## PROBLEM DETAILS
Only the lines from the one with "(ext_mat_mul I \<Delta>" through the last belong in the output; print them exactly as given below.

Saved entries
◆ ◆ ◆ ◆ ◆ ◆ ◆

lemma graph_arc_not_in_closure_of_monotone:
  fixes A :: "(real \<times> real) set"
  assumes "monotone_order A R c" "0 \<le> \<alpha>" "\<alpha> < \<beta>" "\<beta> \<le> 1"
  shows "\<not> graph_on {\<alpha>..\<beta>} spike_sum \<subseteq> closure A"
proof
  interpret monotone_order A R c by (fact assms(1))
  assume arc: "graph_on {\<alpha>..\<beta>} spike_sum \<subseteq> closure A"
  obtain P1 P2 P3 S1 S2 S3 D s where params: "0 < D" "0 \<le> s" "2 * c * s \<le> D"
    and chains: "fine_chain S1 s P2 P3" "fine_chain S2 s P1 P3" "fine_chain S3 s P1 P2"
    and sub: "S1 \<union> S2 \<union> S3 \<subseteq> graph_on {\<alpha>..\<beta>} spike_sum"
    and far: "\<forall>X\<in>S1. D \<le> dist X P1" "\<forall>X\<in>S2. D \<le> dist X P2" "\<forall>X\<in>S3. D \<le> dist X P3"
    by (rule three_points_separated_by_graph_chains[OF assms(2-4) c_pos])
  from sub arc have "S1 \<union> S2 \<union> S3 \<subseteq> closure A" by (rule order_trans)
  then show False by (rule no_three_points_separated_by_fine_chains[OF params chains _ far])
qed

text \<open>If the closure of \<open>A\<close> in the graph had an interior point, it would contain a whole arc of the
  graph, which the previous lemma forbids.\<close>
theorem monotone_subset_nowhere_dense:
  assumes "A \<subseteq> graph_on {0..1} spike_sum" "monotone_space A"
  shows "nowhere_dense_in A (graph_on {0..1} spike_sum)"
  unfolding nowhere_dense_in_def
proof (rule ccontr)
  let ?G = "graph_on {0..1} spike_sum"
  assume "(subtopology euclidean ?G) interior_of ((subtopology euclidean ?G) closure_of A) \<noteq> {}"
  then obtain T g0 where T: "open T" "g0 \<in> T \<inter> ?G" "T \<inter> ?G \<subseteq> closure A"
    using closure_of_subtopology_subset[of euclidean ?G A]
    by (auto simp: interior_of_def openin_subtopology)
  then obtain x0 where x0: "x0 \<in> {0..1}" "g0 = (x0, spike_sum x0)" by (auto simp: graph_on_def)
  obtain \<rho> where \<rho>: "0 < \<rho>" "ball g0 \<rho> \<subseteq> T" using T(1,2) open_contains_ball by blast
  obtain \<delta> where \<delta>: "0 < \<delta>" "\<And>x. dist x x0 < \<delta> \<Longrightarrow> dist (x, spike_sum x) g0 < \<rho>"
    using continuous_on_graph_spike_sum[of UNIV] \<open>0 < \<rho>\<close> x0(2) unfolding continuous_on_iff by blast
  define \<alpha> where "\<alpha> = max 0 (x0 - \<delta> / 2)"
  define \<beta> where "\<beta> = min 1 (x0 + \<delta> / 2)"
  have "0 \<le> \<alpha>" "\<alpha> < \<beta>" "\<beta> \<le> 1" using x0(1) \<open>0 < \<delta>\<close> by (auto simp: \<alpha>_def \<beta>_def)
  moreover have "graph_on {\<alpha>..\<beta>} spike_sum \<subseteq> closure A"
  proof
    fix P assume "P \<in> graph_on {\<alpha>..\<beta>} spike_sum"
    then obtain x where x: "x \<in> {\<alpha>..\<beta>}" "P = (x, spike_sum x)" by (auto simp: graph_on_def)
    then have "dist x x0 < \<delta>" "x \<in> {0..1}" using \<open>0 < \<delta>\<close> by (auto simp: \<alpha>_def \<beta>_def dist_real_def)
    then have "P \<in> ball g0 \<rho>" "P \<in> graph_on {0..1} spike_sum"
      using \<delta> x(2) by (auto simp: graph_on_def dist_commute)
    then show "P \<in> closure A" using T(3) \<rho> by blast
  qed
  moreover obtain R c where "monotone_order A R c"
    using assms(2) unfolding monotone_space_def monotone_order_def by blast
  ultimately show False using graph_arc_not_in_closure_of_monotone by blast
qed
lemma Qmat_update_expansion:
  "Q' = Q + (\<Sum>t\<in>{1..k}. ext_mat_mul I (ext_mat_mul I Q (R t)) Q)"
proof -
  have "R 1 = \<Delta>"
    unfolding diff_self_eq_0
    by (rule ext_mat_mul_pow_0_right[where k = k and d = 0])
      (use finite_I Delta_eq_zero Delta_deg_ge in \<open>auto simp: ext_mat_deg_ge_def\<close>)
  then have expansion: "Q' = Q + (\<Sum>t\<in>{1..k}. ext_mat_mul I (ext_mat_mul I Q (R t)) Q)
      + ext_mat_mul I (ext_mat_mul I Q (R (Suc k))) Q'"
    using resolvent_expansion[OF Qmat_update, of k] by simp
  have "ext_mat_deg_ge k (1 + (0 + (Suc k - 1) * (1 + 0)) + 1) (ext_mat_mul I (ext_mat_mul I Q (R (Suc k))) Q')"
    by (intro ext_mat_deg_ge_mul ext_mat_deg_ge_pow Qmat_deg_ge Delta_deg_ge)
  then have "ext_mat_mul I (ext_mat_mul I Q (R (Suc k))) Q' = 0"
    by (intro ext_mat_deg_ge_Suc_eq_zero) (erule ext_mat_deg_ge_mono, simp)
  with expansion show ?thesis by simp
qed

end

theorem mainTheorem9:
  fixes n k :: nat
    and E Ep Em :: "(nat \<times> nat) set"
    and \<chi> :: "nat \<Rightarrow> nat \<Rightarrow> 'a::field"
    and y :: "nat \<Rightarrow> nat \<Rightarrow> 'a"
  assumes "k \<ge> 1"
    and "E \<subseteq> {..<n} \<times> {..<n}"
    and "Ep \<subseteq> {..<n} \<times> {..<n}"
    and "Ep \<inter> E = {}"
    and "Em \<subseteq> E"
  defines "E' \<equiv> (E - Em) \<union> Ep"
    and "I \<equiv> {i. \<exists>j. (i, j) \<in> Ep \<union> Em \<or> (j, i) \<in> Ep \<union> Em}"
    and "\<Delta> \<equiv> (\<lambda>i j. if (i, j) \<in> Ep then ext_scalar (y i j)
                     else if (i, j) \<in> Em then ext_scalar (- y i j) else ext_zero)"
  shows "Zwalks k n E' \<chi> y =
    ext_add (Zsum k n E \<chi> y)
      (ext_sum (\<lambda>t. ext_sum (\<lambda>(a, b).
          ext_wedge (ext_wedge (Fvec k n E \<chi> y a)
             (ext_mat_mul I \<Delta> (ext_mat_pow I (ext_mat_mul I (Qmat k n E \<chi> y) \<Delta>) (t - 1)) a b))
           (Svec k n E \<chi> y b)) (I \<times> I)) {1..k})"
proof -
  interpret edge_update n k E Ep Em E' \<chi> y I \<Delta>
    using assms by unfold_locales (simp_all add: E'_def I_def \<Delta>_def)
  have "Zwalks k n E' \<chi> y = (\<Sum>(i, j)\<in>N \<times> N. Q' i j)"
    by (rule Zwalks_eq_sum_Qmat)
  also have "\<dots> = (\<Sum>(i, j)\<in>N \<times> N. Q i j + (\<Sum>t\<in>{1..k}. ext_mat_mul I (ext_mat_mul I Q (R t)) Q i j))"
    unfolding case_prod_unfold
    by (subst Qmat_update_expansion) (simp only: plus_fun_apply sum_fun_apply)
  also have "\<dots> = (\<Sum>(i, j)\<in>N \<times> N. Q i j)
      + (\<Sum>t\<in>{1..k}. \<Sum>(i, j)\<in>N \<times> N. ext_mat_mul I (ext_mat_mul I Q (R t)) Q i j)"
    unfolding case_prod_unfold by (simp only: sum.distrib sum.swap[of _ "N \<times> N"])
  finally show ?thesis
    unfolding sum_entries_ext_mat_mul_mul ext_add_eq_plus ext_sum_eq_sum Zsum_def Fvec_def Svec_def .
qed

end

◆ ◆ ◆ ◆ ◆ ◆ ◆

## SOLUTION TO THE PROBLEM
             (ext_mat_mul I \<Delta> (ext_mat_pow I (ext_mat_mul I (Qmat k n E \<chi> y) \<Delta>) (t - 1)) a b))
           (Svec k n E \<chi> y b)) (I \<times> I)) {1..k})"
proof -
  interpret edge_update n k E Ep Em E' \<chi> y I \<Delta>
    using assms by unfold_locales (simp_all add: E'_def I_def \<Delta>_def)
  have "Zwalks k n E' \<chi> y = (\<Sum>(i, j)\<in>N \<times> N. Q' i j)"
    by (rule Zwalks_eq_sum_Qmat)
  also have "\<dots> = (\<Sum>(i, j)\<in>N \<times> N. Q i j + (\<Sum>t\<in>{1..k}. ext_mat_mul I (ext_mat_mul I Q (R t)) Q i j))"
    unfolding case_prod_unfold
    by (subst Qmat_update_expansion) (simp only: plus_fun_apply sum_fun_apply)
  also have "\<dots> = (\<Sum>(i, j)\<in>N \<times> N. Q i j)
      + (\<Sum>t\<in>{1..k}. \<Sum>(i, j)\<in>N \<times> N. ext_mat_mul I (ext_mat_mul I Q (R t)) Q i j)"
    unfolding case_prod_unfold by (simp only: sum.distrib sum.swap[of _ "N \<times> N"])
  finally show ?thesis
    unfolding sum_entries_ext_mat_mul_mul ext_add_eq_plus ext_sum_eq_sum Zsum_def Fvec_def Svec_def .
qed

end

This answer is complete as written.